The applications, advantages, and disadvantages of the different RAID configurations, or levels,
are described below. The numbers assigned to each level of RAID do not indicate superiority or
effectiveness; they are only used to differentiate between them.
RAID 0 - Disk Striping
With RAID 0, or a configuration known as "data striping", data is written in sequential sections
across more than two drives. RAID 0 is easy to implement, and it can dramatically improve performance.
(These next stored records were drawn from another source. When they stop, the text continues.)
lemma nonneg_invariant_if_quasi_positive:
  fixes y f :: "'k \<Rightarrow> real \<Rightarrow> real"
  assumes "finite K"
    and deriv: "\<And>k t. k \<in> K \<Longrightarrow> t0 \<le> t \<Longrightarrow> (y k has_real_derivative f k t) (at t within {t0..})"
    and init: "\<And>k. k \<in> K \<Longrightarrow> 0 \<le> y k t0"
    and quasi_pos: "\<And>R k. 0 \<le> R \<Longrightarrow> k \<in> K \<Longrightarrow> \<exists>C. \<forall>t\<ge>t0. \<forall>\<epsilon>\<ge>0.
      (\<forall>j\<in>K. -\<epsilon> \<le> y j t \<and> \<bar>y j t\<bar> \<le> R) \<longrightarrow> y k t \<le> 0 \<longrightarrow> -(C * \<epsilon>) \<le> f k t"
    and "k \<in> K" and "t0 \<le> t"
  shows "0 \<le> y k t"
proof -
  have deriv': "(y j has_real_derivative f j s) (at s within {t0..t})" if "j \<in> K" "s \<in> {t0..t}" for j s
    using that by (intro DERIV_subset[OF deriv]) auto
  have "continuous_on {t0..t} (y j)" if "j \<in> K" for j
    using deriv'[OF that] DERIV_continuous continuous_on_eq_continuous_within by blast
  then have "bounded (\<Union>j\<in>K. y j ` {t0..t})"
    using \<open>finite K\<close> by (intro compact_imp_bounded compact_UN compact_continuous_image) auto
  then obtain R0 where "\<forall>w\<in>(\<Union>j\<in>K. y j ` {t0..t}). \<bar>w\<bar> \<le> R0"
    unfolding bounded_real by blast
  then obtain R where R: "0 \<le> R" "\<And>j s. j \<in> K \<Longrightarrow> s \<in> {t0..t} \<Longrightarrow> \<bar>y j s\<bar> \<le> R"
    by (metis (no_types, lifting) UN_I abs_ge_zero image_eqI order_trans max.cobounded1 max.cobounded2)
  obtain Ck where Ck: "\<And>j s \<epsilon>. j \<in> K \<Longrightarrow> t0 \<le> s \<Longrightarrow> 0 \<le> \<epsilon> \<Longrightarrow>
      \<forall>i\<in>K. -\<epsilon> \<le> y i s \<and> \<bar>y i s\<bar> \<le> R \<Longrightarrow> y j s \<le> 0 \<Longrightarrow> -(Ck j * \<epsilon>) \<le> f j s"
    using quasi_pos[OF \<open>0 \<le> R\<close>] by metis
  define C where "C = (\<Sum>j\<in>K. \<bar>Ck j\<bar>)"
  have "0 \<le> C"
    unfolding C_def by (simp add: sum_nonneg)
  have quasi_pos_C: "-(C * \<epsilon>) \<le> f j s"
    if "j \<in> K" "s \<in> {t0..t}" "0 \<le> \<epsilon>" "\<forall>i\<in>K. -\<epsilon> \<le> y i s" "y j s \<le> 0" for j s \<epsilon>
  proof -
    have "Ck j \<le> C"
      unfolding C_def using \<open>finite K\<close> that(1) abs_ge_self order_trans
      by (metis (no_types, lifting) abs_ge_zero member_le_sum)
    then have "-(C * \<epsilon>) \<le> -(Ck j * \<epsilon>)"
      using that(3) by (simp add: mult_right_mono)
    also have "\<dots> \<le> f j s"
      using Ck R that by auto
    finally show ?thesis .
  qed
  have "t \<in> {t0..t}"
    using \<open>t0 \<le> t\<close> by simp
  with \<open>finite K\<close> \<open>0 \<le> C\<close> deriv' init quasi_pos_C \<open>k \<in> K\<close> show ?thesis
    by (rule nonneg_on_interval_if_quasi_positive[where y = y and f = f])
qed
(* Let $(S,\sigma)$ be an enriched permutation of $\mathbb{Z}_{>0}$ (that is, $S\subseteq\mathbb{Z}_{>0}$ is a finite subset and $\sigma$ is a permutation of $S$). Then $R(I_S)\leq R(\sigma)$, with equality if and only if $\sigma=I_S$, where $I_S$ denotes the identity permutation of $S$.
   Context: Let $p$ be a prime and fix $y\in\mathbb{Z}_p$ which is not a positive integer, with $p$-adic expansion $y=\sum_{n\geq 0} y_n p^n$, $0\leq y_n<p$. For an integer $n\geq 1$ define $d(n)=p^w$, where $w$ is the unique integer with $\sum_{j=0}^{w-1} y_j < n \leq \sum_{j=0}^{w} y_j$; for $n<1$ set $d(n)=0$. For $m\in\mathbb{Z}$ set $y(m)=\sum_{n=1}^{m} d(n)$ (equal to $0$ when $m<1$). For $k_1,k_2\in\mathbb{Z}_{>0}$ define $R(k_1,k_2)=y(pk_1-k_2)$, and for an enriched permutation $(S,\sigma)$ of $\mathbb{Z}_{>0}$ define $R(\sigma)=\sum_{k\in S}R(k,\sigma(k))$. *)

theory Defs
  imports "HOL-Combinatorics.Permutations" "HOL-Computational_Algebra.Primes"
begin

text \<open>The p-adic integer y is represented by its digit sequence ydig (y = sum ydig n * p^n).\<close>

definition dfun :: "nat \<Rightarrow> (nat \<Rightarrow> nat) \<Rightarrow> int \<Rightarrow> nat" where
  "dfun p ydig n = (if n < 1 then 0 else
     p ^ (THE w. int (\<Sum>j<w. ydig j) < n \<and> n \<le> int (\<Sum>j\<le>w. ydig j)))"

definition yfun :: "nat \<Rightarrow> (nat \<Rightarrow> nat) \<Rightarrow> int \<Rightarrow> nat" where
  "yfun p ydig m = (\<Sum>n\<in>{1..m}. dfun p ydig n)"

definition Rpair :: "nat \<Rightarrow> (nat \<Rightarrow> nat) \<Rightarrow> nat \<Rightarrow> nat \<Rightarrow> nat" where
  "Rpair p ydig k1 k2 = yfun p ydig (int p * int k1 - int k2)"

definition Rperm :: "nat \<Rightarrow> (nat \<Rightarrow> nat) \<Rightarrow> nat set \<Rightarrow> (nat \<Rightarrow> nat) \<Rightarrow> nat" where
  "Rperm p ydig S \<sigma> = (\<Sum>k\<in>S. Rpair p ydig k (\<sigma> k))"

end

theory Submission
  imports Defs
begin

text \<open>
  The increments d(n) = y(n) - y(n-1) are nondecreasing, and since every digit is below p they
  strictly increase across any p consecutive steps. So y has increasing differences, which gives
  the exchange inequality R(j,a) + R(m,m) < R(j,m) + R(m,a) whenever j, a < m. If \<sigma> \<noteq> id, let m
  be its largest moved point, with a = \<sigma>(m) and \<sigma>(j) = m; composing \<sigma> with the transposition
  of m and a fixes m, moves fewer points, and by the exchange inequality strictly decreases R.
\<close>

lemma permutes_transpose_max_moved:
  fixes \<sigma> :: "nat \<Rightarrow> nat"
  assumes perm: "\<sigma> permutes S" and "finite S" and "\<sigma> \<noteq> id"
  obtains j m where "j \<in> S" "m \<in> S" "j < m" "\<sigma> j = m" "\<sigma> m < m"
    and "transpose m (\<sigma> m) \<circ> \<sigma> permutes S"
    and "card {k. (transpose m (\<sigma> m) \<circ> \<sigma>) k \<noteq> k} < card {k. \<sigma> k \<noteq> k}"
proof -
  define M where "M = {k. \<sigma> k \<noteq> k}"
  have "M \<subseteq> S" unfolding M_def using perm permutes_not_in by fastforce
  then have "finite M" using \<open>finite S\<close> finite_subset by blast
  have "M \<noteq> {}" unfolding M_def using \<open>\<sigma> \<noteq> id\<close> by auto
  define m where "m = Max M"
  have "m \<in> M" and m_max: "\<And>k. k \<in> M \<Longrightarrow> k \<le> m"
    unfolding m_def using \<open>finite M\<close> \<open>M \<noteq> {}\<close> by simp_all
  have inj: "inj \<sigma>" using perm by (rule permutes_inj)
  define a where "a = \<sigma> m"
  define j where "j = inv \<sigma> m"
  have "m \<in> S" using \<open>m \<in> M\<close> \<open>M \<subseteq> S\<close> by blast
  have "a \<in> S" unfolding a_def using perm \<open>m \<in> S\<close> by (simp add: permutes_in_image)
  have "\<sigma> j = m" unfolding j_def using perm by (rule permutes_inverses(1))
  have "j \<in> S" using perm \<open>m \<in> S\<close> \<open>\<sigma> j = m\<close> by (metis permutes_in_image)
  have "a \<noteq> m" "j \<noteq> m" using \<open>m \<in> M\<close> \<open>\<sigma> j = m\<close> unfolding a_def M_def by auto
  \<comment> \<open>Both neighbours of the largest moved point are moved points as well, hence smaller.\<close>
  have "a \<in> M" using \<open>a \<noteq> m\<close> inj unfolding a_def M_def by (auto dest: injD)
  have "j \<in> M" using \<open>j \<noteq> m\<close> \<open>\<sigma> j = m\<close> unfolding M_def by simp
  have "a < m" "j < m" using m_max \<open>a \<in> M\<close> \<open>j \<in> M\<close> \<open>a \<noteq> m\<close> \<open>j \<noteq> m\<close> by force+
  define \<tau> where "\<tau> = transpose m a \<circ> \<sigma>"
  have "\<tau> permutes S" unfolding \<tau>_def
    using permutes_compose[OF perm permutes_swap_id[OF \<open>m \<in> S\<close> \<open>a \<in> S\<close>]] .
  have "{k. \<tau> k \<noteq> k} \<subseteq> M - {m}"
    using inj \<open>\<sigma> j = m\<close> \<open>j \<in> M\<close> unfolding \<tau>_def M_def a_def
    by (auto simp: transpose_def dest: injD)
  then have "card {k. \<tau> k \<noteq> k} < card M"
    using \<open>finite M\<close> \<open>m \<in> M\<close> by (meson card_Diff1_less card_mono finite_Diff le_less_trans)
  then show ?thesis
    using that \<open>j \<in> S\<close> \<open>m \<in> S\<close> \<open>j < m\<close> \<open>\<sigma> j = m\<close> \<open>a < m\<close> \<open>\<tau> permutes S\<close>
    unfolding \<tau>_def a_def M_def by blast
qed

lemma sum_diagonal_less_sum_permuted:
  fixes f :: "nat \<Rightarrow> nat \<Rightarrow> 'a::ordered_cancel_comm_monoid_add"
  assumes exchange: "\<And>j a m. j \<in> S \<Longrightarrow> a \<in> S \<Longrightarrow> m \<in> S \<Longrightarrow> j < m \<Longrightarrow> a < m \<Longrightarrow>
      f j a + f m m < f j m + f m a"
    and "finite S" and "\<sigma> permutes S" and "\<sigma> \<noteq> id"
  shows "(\<Sum>k\<in>S. f k k) < (\<Sum>k\<in>S. f k (\<sigma> k))"
  using assms(3,4)
proof (induction "card {k. \<sigma> k \<noteq> k}" arbitrary: \<sigma> rule: less_induct)
  case less
  obtain j m where "j \<in> S" "m \<in> S" "j < m" "\<sigma> j = m" "\<sigma> m < m"
    and \<tau>_perm: "transpose m (\<sigma> m) \<circ> \<sigma> permutes S"
    and \<tau>_card: "card {k. (transpose m (\<sigma> m) \<circ> \<sigma>) k \<noteq> k} < card {k. \<sigma> k \<noteq> k}"
    using permutes_transpose_max_moved[OF less.prems(1) \<open>finite S\<close> less.prems(2)] .
  define \<tau> where "\<tau> = transpose m (\<sigma> m) \<circ> \<sigma>"
  have inj: "inj \<sigma>" using less.prems(1) by (rule permutes_inj)
  have "\<tau> j = \<sigma> m" "\<tau> m = m" using \<open>\<sigma> j = m\<close> unfolding \<tau>_def by simp_all
  have \<tau>_other: "\<tau> k = \<sigma> k" if "k \<noteq> j" "k \<noteq> m" for k
    using that inj \<open>\<sigma> j = m\<close> unfolding \<tau>_def by (auto simp: transpose_def dest: injD)
  have split: "(\<Sum>k\<in>S. g k) = g j + g m + (\<Sum>k\<in>S - {j, m}. g k)" for g :: "nat \<Rightarrow> 'a"
  proof -
    have "S = insert j (insert m (S - {j, m}))" using \<open>j \<in> S\<close> \<open>m \<in> S\<close> by auto
    then have "(\<Sum>k\<in>S. g k) = (\<Sum>k\<in>insert j (insert m (S - {j, m})). g k)" by simp
    also have "\<dots> = g j + g m + (\<Sum>k\<in>S - {j, m}. g k)"
      using \<open>finite S\<close> \<open>j < m\<close> by (simp add: add.assoc)
    finally show ?thesis .
  qed
  have "(\<Sum>k\<in>S. f k (\<tau> k)) < (\<Sum>k\<in>S. f k (\<sigma> k))"
  proof -
    have "f j (\<tau> j) + f m (\<tau> m) < f j (\<sigma> j) + f m (\<sigma> m)"
      using exchange \<open>j \<in> S\<close> \<open>m \<in> S\<close> \<open>j < m\<close> \<open>\<sigma> m < m\<close> less.prems(1)
      unfolding \<open>\<tau> j = \<sigma> m\<close> \<open>\<tau> m = m\<close> \<open>\<sigma> j = m\<close> by (simp add: permutes_in_image)
    moreover have "(\<Sum>k\<in>S - {j, m}. f k (\<tau> k)) = (\<Sum>k\<in>S - {j, m}. f k (\<sigma> k))"
      by (rule sum.cong) (simp_all add: \<tau>_other)
    ultimately show ?thesis unfolding split[of "\<lambda>k. f k (\<tau> k)"] split[of "\<lambda>k. f k (\<sigma> k)"]
      by (simp add: add_less_le_mono)
  qed
  moreover have "(\<Sum>k\<in>S. f k k) \<le> (\<Sum>k\<in>S. f k (\<tau> k))"
  proof (cases "\<tau> = id")
    case False
    then show ?thesis using less.hyps[OF _ \<tau>_perm] \<tau>_card unfolding \<tau>_def by fastforce
  qed simp
  ultimately show ?case by (metis le_less_trans)
qed

locale padic_digits =
  fixes p :: nat and ydig :: "nat \<Rightarrow> nat"
  assumes one_less_p: "1 < p"
    and digit_less: "ydig n < p"
    and infinite_support: "infinite {n. ydig n \<noteq> 0}"
begin

definition level :: "int \<Rightarrow> nat" where
  "level n = (THE w. int (\<Sum>j<w. ydig j) < n \<and> n \<le> int (\<Sum>j\<le>w. ydig j))"

lemma digit_sum_atMost_le_lessThan: "w < v \<Longrightarrow> (\<Sum>j\<le>w. ydig j) \<le> (\<Sum>j<v. ydig j)"
  by (rule sum_mono2) auto

lemma digit_sum_unbounded: "\<exists>w. N \<le> (\<Sum>j\<le>w. ydig j)"
proof -
  obtain F where F: "F \<subseteq> {n. ydig n \<noteq> 0}" "finite F" "card F = N"
    using infinite_arbitrarily_large[OF infinite_support] by blast
  have "N = (\<Sum>j\<in>F. 1)" using F by simp
  also have "\<dots> \<le> (\<Sum>j\<in>F. ydig j)" by (rule sum_mono) (use F in auto)
  also have "\<dots> \<le> (\<Sum>j\<le>Max F. ydig j)" by (rule sum_mono2) (use F in auto)
  finally show ?thesis by blast
qed

lemma level_unique:
  assumes "int (\<Sum>j<w. ydig j) < n" "n \<le> int (\<Sum>j\<le>w. ydig j)"
  shows "level n = w"
  unfolding level_def
proof (rule the_equality)
  fix v assume v: "int (\<Sum>j<v. ydig j) < n \<and> n \<le> int (\<Sum>j\<le>v. ydig j)"
  show "v = w"
  proof (rule linorder_cases)
    assume "v < w"
    then show ?thesis using digit_sum_atMost_le_lessThan[of v w] v assms by linarith
  next
    assume "w < v"
    then show ?thesis using digit_sum_atMost_le_lessThan[of w v] v assms by linarith
  qed
qed (use assms in simp)

lemma level_bounds:
  assumes "1 \<le> n"
  shows "int (\<Sum>j<level n. ydig j) < n" "n \<le> int (\<Sum>j\<le>level n. ydig j)"
proof -
  define w where "w = (LEAST w. nat n \<le> (\<Sum>j\<le>w. ydig j))"
  have upper: "nat n \<le> (\<Sum>j\<le>w. ydig j)"
    unfolding w_def using digit_sum_unbounded by (rule LeastI_ex)
  have lower: "(\<Sum>j<w. ydig j) < nat n"
  proof (cases w)
    case (Suc v)
    then have "\<not> nat n \<le> (\<Sum>j\<le>v. ydig j)" unfolding w_def by (metis lessI not_less_Least)
    then show ?thesis using Suc by (simp add: lessThan_Suc_atMost)
  qed (use assms in simp)
  have "level n = w" using upper lower assms by (intro level_unique) (auto simp del: of_nat_sum)
  then show "int (\<Sum>j<level n. ydig j) < n" "n \<le> int (\<Sum>j\<le>level n. ydig j)"
    using upper lower assms by (auto simp del: of_nat_sum)
qed

lemma level_mono:
  assumes "1 \<le> n1" "n1 \<le> n2"
  shows "level n1 \<le> level n2"
proof (rule ccontr)
  assume "\<not> level n1 \<le> level n2"
  then show False
    using digit_sum_atMost_le_lessThan[of "level n2" "level n1"]
      level_bounds[of n1] level_bounds[of n2] assms by linarith
qed

text \<open>A level consists of ydig w < p consecutive integers, so a jump by p leaves it.\<close>
lemma level_strict_mono:
  assumes "1 \<le> n1" "n1 + int p \<le> n2"
  shows "level n1 < level n2"
proof -
  have "level n1 \<le> level n2" using assms one_less_p by (intro level_mono) auto
  moreover have "level n1 \<noteq> level n2"
  proof
    assume same: "level n1 = level n2"
    have "int (\<Sum>j\<le>level n1. ydig j) = int (\<Sum>j<level n1. ydig j) + int (ydig (level n1))"
      by (simp add: lessThan_Suc_atMost[symmetric] del: of_nat_sum)
    then show False
      using level_bounds[of n1] level_bounds[of n2, folded same] digit_less[of "level n1"] assms
      by linarith
  qed
  ultimately show ?thesis by simp
qed

lemma dfun_eq: "dfun p ydig n = (if n < 1 then 0 else p ^ level n)"
  unfolding dfun_def level_def ..

lemma dfun_mono: "n1 \<le> n2 \<Longrightarrow> dfun p ydig n1 \<le> dfun p ydig n2"
  using level_mono[of n1 n2] one_less_p by (simp add: dfun_eq power_increasing)

lemma dfun_strict_mono: "1 \<le> n2 \<Longrightarrow> n1 + int p \<le> n2 \<Longrightarrow> dfun p ydig n1 < dfun p ydig n2"
  using level_strict_mono[of n1 n2] one_less_p by (simp add: dfun_eq power_strict_increasing)

lemma yfun_eq_yfun_pred_plus_dfun: "yfun p ydig m = yfun p ydig (m - 1) + dfun p ydig m"
proof (cases "1 \<le> m")
  case True
  then have "{1..m} = insert m {1..m - 1}" by auto
  then show ?thesis unfolding yfun_def by simp
qed (simp add: yfun_def dfun_eq)

lemma yfun_increment_mono:
  assumes "u1 \<le> u2"
  shows "yfun p ydig (u1 + int t) + yfun p ydig u2 \<le> yfun p ydig (u2 + int t) + yfun p ydig u1"
proof (induction t)
  case (Suc t)
  have "dfun p ydig (u1 + int (Suc t)) \<le> dfun p ydig (u2 + int (Suc t))"
    using assms by (intro dfun_mono) simp
  then show ?case
    using Suc.IH yfun_eq_yfun_pred_plus_dfun[of "u1 + int (Suc t)"]
      yfun_eq_yfun_pred_plus_dfun[of "u2 + int (Suc t)"] by simp
qed simp

lemma yfun_increment_strict_mono:
  assumes "u1 + int p \<le> u2" "0 \<le> u2" "0 < t"
  shows "yfun p ydig (u1 + int t) + yfun p ydig u2 < yfun p ydig (u2 + int t) + yfun p ydig u1"
proof -
  obtain s where "t = Suc s" using \<open>0 < t\<close> gr0_implies_Suc by blast
  have "yfun p ydig (u1 + int s) + yfun p ydig u2 \<le> yfun p ydig (u2 + int s) + yfun p ydig u1"
    using assms by (intro yfun_increment_mono) simp
  moreover have "dfun p ydig (u1 + int t) < dfun p ydig (u2 + int t)"
    using assms by (intro dfun_strict_mono) simp_all
  ultimately show ?thesis
    using yfun_eq_yfun_pred_plus_dfun[of "u1 + int t"] yfun_eq_yfun_pred_plus_dfun[of "u2 + int t"]
    unfolding \<open>t = Suc s\<close> by simp
qed

lemma Rpair_exchange:
  assumes "j < m" "a < m"
  shows "Rpair p ydig j a + Rpair p ydig m m < Rpair p ydig j m + Rpair p ydig m a"
proof -
  define u1 u2 where "u1 = int p * int j - int m" and "u2 = int p * int m - int m"
  have "int p * (int j + 1) \<le> int p * int m" using \<open>j < m\<close> by (intro mult_left_mono) auto
  then have "u1 + int p \<le> u2" unfolding u1_def u2_def by (simp add: algebra_simps)
  have "1 * int m \<le> int p * int m" using one_less_p by (intro mult_right_mono) simp_all
  then have "0 \<le> u2" unfolding u2_def by simp
  have "yfun p ydig (u1 + int (m - a)) + yfun p ydig u2 < yfun p ydig (u2 + int (m - a)) + yfun p ydig u1"
    using \<open>u1 + int p \<le> u2\<close> \<open>0 \<le> u2\<close> \<open>a < m\<close> by (intro yfun_increment_strict_mono) simp_all
  then show ?thesis
    unfolding Rpair_def u1_def u2_def using \<open>a < m\<close> by (simp add: of_nat_diff)
qed

lemma Rperm_id_less:
  assumes "finite S" "\<sigma> permutes S" "\<sigma> \<noteq> id"
  shows "Rperm p ydig S id < Rperm p ydig S \<sigma>"
  using sum_diagonal_less_sum_permuted[of S "Rpair p ydig", OF Rpair_exchange assms]
  by (simp add: Rperm_def)

end

theorem proposition5p7:
  fixes p :: nat and ydig :: "nat \<Rightarrow> nat" and S :: "nat set" and \<sigma> :: "nat \<Rightarrow> nat"
  assumes "prime p"
    and "\<forall>n. ydig n < p"
    and "infinite {n. ydig n \<noteq> 0}"
    and "finite S" and "0 \<notin> S"
    and "\<sigma> permutes S"
  shows "Rperm p ydig S id \<le> Rperm p ydig S \<sigma> \<and> (Rperm p ydig S \<sigma> = Rperm p ydig S id \<longleftrightarrow> \<sigma> = id)"
proof -
  interpret padic_digits p ydig
    using assms(1-3) prime_gt_1_nat by unfold_locales simp_all
  show ?thesis
  proof (cases "\<sigma> = id")
    case False
    then show ?thesis using Rperm_id_less[OF assms(4,6) False] by simp
  qed simp
qed

end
Several drives can be accessed at once, minimizing the overall "seek" time of larger files. This
configuration has no data redundancy and therefore no protection against data loss, however, so it
should not be used for business-critical applications.
RAID 1 - Mirroring
Also known as "drive mirroring", RAID 1 simultaneously copies data to a second drive. The mirroring
method offers data protection and good performance in the case where a mirrored drive fails. RAID 1
is the simplest RAID configuration, requiring only a minimum of two drives with equal capacity, and
also that the drives be added in pairs. The main disadvantage of RAID 1 is that it uses 100% drive
overhead (the highest of all RAID levels), which can be considered an inefficient use of drive
capacity.
RAID 2- Redundancy Using Hamming Code
A RAID 2 array stripes data to a group of drives using a byte stripe. A hamming code Error Checking
and Correction (ECC) symbol for each data stripe is stored on a dedicated drive. This code provides
detection and correction of data errors, allowing data to be recovered without completely duplicating
the data. Since most drives now embed ECC information within each sector as standard, however, RAID
2 doesn't offer any advantages over RAID 3.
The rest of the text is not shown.